Today I decided to start up a special interest group for Groovy and Grails developers in Sydney. If you are interested in Groovy or would like to be a presenter then please join up at Groovy Sydney. You can register your Groovy talk on the Presentation Topics page, and I will organise for you to present at the next meeting. The Groovy Sydney group will meet on a monthly basis at the ThoughtWorks office, followed by drinks at a nearby pub.

Groovy is a dynamic language that I have been ignoring until now for no particular reason. I first heard about it when I was doing consulting work in Brisbane last year. One of the client developers of a large bankasurance company gave a pretty good presentation on Groovy. But back then I was ignorant and caught up in the Ruby on Rails hype.
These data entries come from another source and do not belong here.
(* Let $\mathcal{C}\subseteq\mathbb{F}_q^n$ be a linear code of dimension $k\ge1$ and minimum distance $d\ge2$, and $J=n-k-d+2$. Let $\mathbf{h}_1,\dots,\mathbf{h}_m\in\mathcal{C}^\perp$ be linearly independent with $m>J$, and let $\mathcal{S}_j=\operatorname{supp}(\mathbf{h}_j)$. Assume $\mathcal{S}_1,\dots,\mathcal{S}_J$ are pairwise disjoint, let $\mathcal{U}=\mathcal{S}_1\cup\cdots\cup\mathcal{S}_J$ and $\theta=n-|\mathcal{U}|$, and assume $\theta\in[1,d-2]$. For $i\in[J+1,m]$ let $\theta_i=|\mathcal{S}_i\setminus\mathcal{U}|$ and assume $\theta_i\ge1$. Then for every $i\in[J+1,m]$ and every $l\in[1,J]$ with $|\mathcal{S}_l|>\theta_i$, $$|\mathcal{S}_i\cap\mathcal{S}_l|\ \ge\ |\mathcal{S}_l|-\theta_i+\theta-d+2 .$$
   Context: $\operatorname{supp}(\mathbf{h})=\{l\in[1,n]:h_l\neq0\}$; $\mathcal{C}^\perp$ is the dual code; $[a,b]=\{a,\dots,b\}$. *)

theory Defs
  imports Complex_Main "HOL-Library.Function_Algebras"
begin

text \<open>Vectors of F_q^n are functions from a finite coordinate type 'n (with n = CARD('n))
  into a finite field 'a. Scalar multiplication is componentwise.\<close>

definition fscale :: "'a::field \<Rightarrow> ('n \<Rightarrow> 'a) \<Rightarrow> ('n \<Rightarrow> 'a)" where
  "fscale c v = (\<lambda>i. c * v i)"

lemma vector_space_fscale: "vector_space (fscale :: 'a::field \<Rightarrow> ('n \<Rightarrow> 'a) \<Rightarrow> _)"
  by unfold_locales (auto simp: fscale_def fun_eq_iff algebra_simps)

definition linear_code :: "('n \<Rightarrow> 'a::field) set \<Rightarrow> bool" where
  "linear_code C = module.subspace fscale C"

definition code_dim :: "('n \<Rightarrow> 'a::field) set \<Rightarrow> nat" where
  "code_dim C = vector_space.dim fscale C"

definition supp :: "('n \<Rightarrow> 'a::zero) \<Rightarrow> 'n set" where
  "supp v = {l. v l \<noteq> 0}"

definition hweight :: "('n::finite \<Rightarrow> 'a::zero) \<Rightarrow> nat" where
  "hweight v = card (supp v)"

text \<open>Minimum distance of a linear code = minimum weight of a nonzero codeword.\<close>
definition min_dist :: "('n::finite \<Rightarrow> 'a::field) set \<Rightarrow> nat" where
  "min_dist C = Min (hweight ` (C - {0}))"

definition dual_code :: "('n::finite \<Rightarrow> 'a::field) set \<Rightarrow> ('n \<Rightarrow> 'a) set" where
  "dual_code C = {h. \<forall>c\<in>C. (\<Sum>i\<in>UNIV. h i * c i) = 0}"

definition lin_indep :: "('n \<Rightarrow> 'a::field) set \<Rightarrow> bool" where
  "lin_indep S = module.independent fscale S"

end

theory Submission
  imports Defs
begin

text \<open>If the inequality failed, the set T of coordinates lying in \<open>S\<^sub>l \<setminus> S\<^sub>i\<close> or outside
  \<open>\<U> \<union> S\<^sub>i\<close> would have at least \<open>d - 1\<close> elements. No nonzero codeword is supported on
  \<open>d - 1\<close> of them, so a basis of C together with the corresponding unit vectors is
  independent, of size \<open>k + d - 1\<close>. The J independent vectors \<open>h\<^sub>i\<close> and \<open>h\<^sub>j\<close>
  (\<open>j \<in> [1,J] \<setminus> {l}\<close>) are orthogonal to all of them: to C as dual codewords and to the unit
  vectors because they vanish on T (the \<open>S\<^sub>j\<close> are disjoint from \<open>S\<^sub>l\<close> and contained in \<open>\<U>\<close>).
  Hence \<open>k + d - 1 + J \<le> n\<close>, contradicting \<open>J = n - k - d + 2\<close>.\<close>

context vector_space
begin

lemma independent_Un:
  assumes "finite B" and "independent A" and "independent B" and "span A \<inter> span B = {0}"
  shows "independent (A \<union> B)"
  using assms(1,3,4)
proof (induction B rule: finite_induct)
  case empty
  then show ?case using assms(2) by simp
next
  case (insert b B)
  have indB: "independent B" and b: "b \<notin> span B"
    using insert.prems(1) insert.hyps(2) by (auto simp: independent_insert)
  have "span A \<inter> span B = {0}"
    using insert.prems(2) span_mono[of B "insert b B"] span_zero by blast
  then have IH: "independent (A \<union> B)" using insert.IH indB by blast
  have "b \<notin> span (A \<union> B)"
  proof
    assume "b \<in> span (A \<union> B)"
    then obtain a y where a: "a \<in> span A" and y: "y \<in> span B" and "b = a + y"
      by (auto simp: span_Un)
    then have "a = b - y" by simp
    also have "\<dots> \<in> span (insert b B)"
      using y span_mono[of B "insert b B"] by (intro span_diff) (auto intro: span_base)
    finally have "a = 0" using a insert.prems(2) by blast
    with \<open>b = a + y\<close> y b show False by simp
  qed
  then show ?case using IH by (simp add: independent_insertI)
qed

end

interpretation fs: vector_space "fscale :: 'a::field \<Rightarrow> ('n \<Rightarrow> 'a) \<Rightarrow> _"
  by (rule vector_space_fscale)

lemma sum_fun_apply: "(\<Sum>x\<in>A. f x) i = (\<Sum>x\<in>A. f x i)"
  by (induction A rule: infinite_finite_induct) auto

lemma subspace_supp_subset: "fs.subspace {v :: 'n \<Rightarrow> 'a::field. supp v \<subseteq> T}"
  unfolding fs.subspace_def supp_def fscale_def by (auto simp: subset_iff) (metis add.right_neutral)

definition unit_vec :: "'n \<Rightarrow> 'n \<Rightarrow> 'a::zero_neq_one" where
  "unit_vec t = (\<lambda>j. if j = t then 1 else 0)"

lemma supp_unit_vec [simp]: "supp (unit_vec t :: 'n \<Rightarrow> 'a::zero_neq_one) = {t}"
  by (auto simp: supp_def unit_vec_def)

lemma inj_unit_vec: "inj (unit_vec :: 'n \<Rightarrow> 'n \<Rightarrow> 'a::zero_neq_one)"
  by (rule injI) (metis singleton_inject supp_unit_vec)

lemma sum_mult_unit_vec: "(\<Sum>j\<in>UNIV. g j * unit_vec t j) = (g t :: 'a::semiring_1)"
  for t :: "'n::finite"
  by (simp add: unit_vec_def if_distrib cong: if_cong)

lemma fun_eq_sum_unit_vec: "v = (\<Sum>t\<in>UNIV. fscale (v t) (unit_vec t))"
  for v :: "'n::finite \<Rightarrow> 'a::field"
  by (rule ext) (simp add: sum_fun_apply fscale_def unit_vec_def if_distrib cong: if_cong)

lemma span_unit_vec_subset: "fs.span (unit_vec ` T) \<subseteq> {v :: 'n \<Rightarrow> 'a::field. supp v \<subseteq> T}"
  by (rule fs.span_minimal[OF _ subspace_supp_subset]) auto

lemma independent_unit_vec:
  fixes T :: "'n::finite set"
  shows "fs.independent (unit_vec ` T :: ('n \<Rightarrow> 'a::field) set)"
proof (rule fs.independent_if_scalars_zero)
  fix f and x :: "'n \<Rightarrow> 'a"
  assume sum0: "(\<Sum>y\<in>unit_vec ` T. fscale (f y) y) = (0 :: 'n \<Rightarrow> 'a)"
    and "x \<in> unit_vec ` T"
  then obtain t where "t \<in> T" and x: "x = unit_vec t" by blast
  have "0 = (\<Sum>y\<in>unit_vec ` T. fscale (f y) y) t" using sum0 by simp
  also have "\<dots> = (\<Sum>y\<in>unit_vec ` T. if y = x then f y else 0)"
    unfolding sum_fun_apply
    by (intro sum.cong) (auto simp: x fscale_def unit_vec_def split: if_splits)
  also have "\<dots> = f x" using \<open>t \<in> T\<close> by (simp add: x)
  finally show "f x = 0" by simp
qed simp

lemma independent_finite_card_le:
  fixes B :: "('n::finite \<Rightarrow> 'a::field) set"
  assumes "fs.independent B"
  shows "finite B" and "card B \<le> card (UNIV :: 'n set)"
proof -
  have span: "B \<subseteq> fs.span (range unit_vec)"
  proof
    fix v :: "'n \<Rightarrow> 'a" show "v \<in> fs.span (range unit_vec)"
      by (subst fun_eq_sum_unit_vec) (intro fs.span_sum fs.span_scale fs.span_base, simp)
  qed
  show "finite B"
    using fs.independent_span_bound[OF _ assms span] by simp
  have "card B \<le> card (range (unit_vec :: 'n \<Rightarrow> 'n \<Rightarrow> 'a))"
    using fs.independent_span_bound[OF _ assms span] by simp
  also have "\<dots> \<le> card (UNIV :: 'n set)" by (rule card_image_le) simp
  finally show "card B \<le> card (UNIV :: 'n set)" .
qed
The thing about Groovy that won me over was that you can start off by writing your code in Java, and then refactor to make your code groovier. It reduces the learning curve required to be productive in a new programming language, which I believe to be quite novel.

Groovy makes sense in the enterprise as it allows you to leverage your existing Java based systems. You can deploy a Groovy application in your expensive J2EE application servers, therefore maximising your return on investment in infrastructure costs. For example, Grails — a Rails-esque web application framework for Groovy — can be deployed as part of a Spring application. Essentially you can implement a lot of your integration business logic in Java, and use Grails to quickly create frontend CRUD functionality, which is tedious to do in Spring alone. Groovy is a tool worth having for any Java developer looking for productivity gains.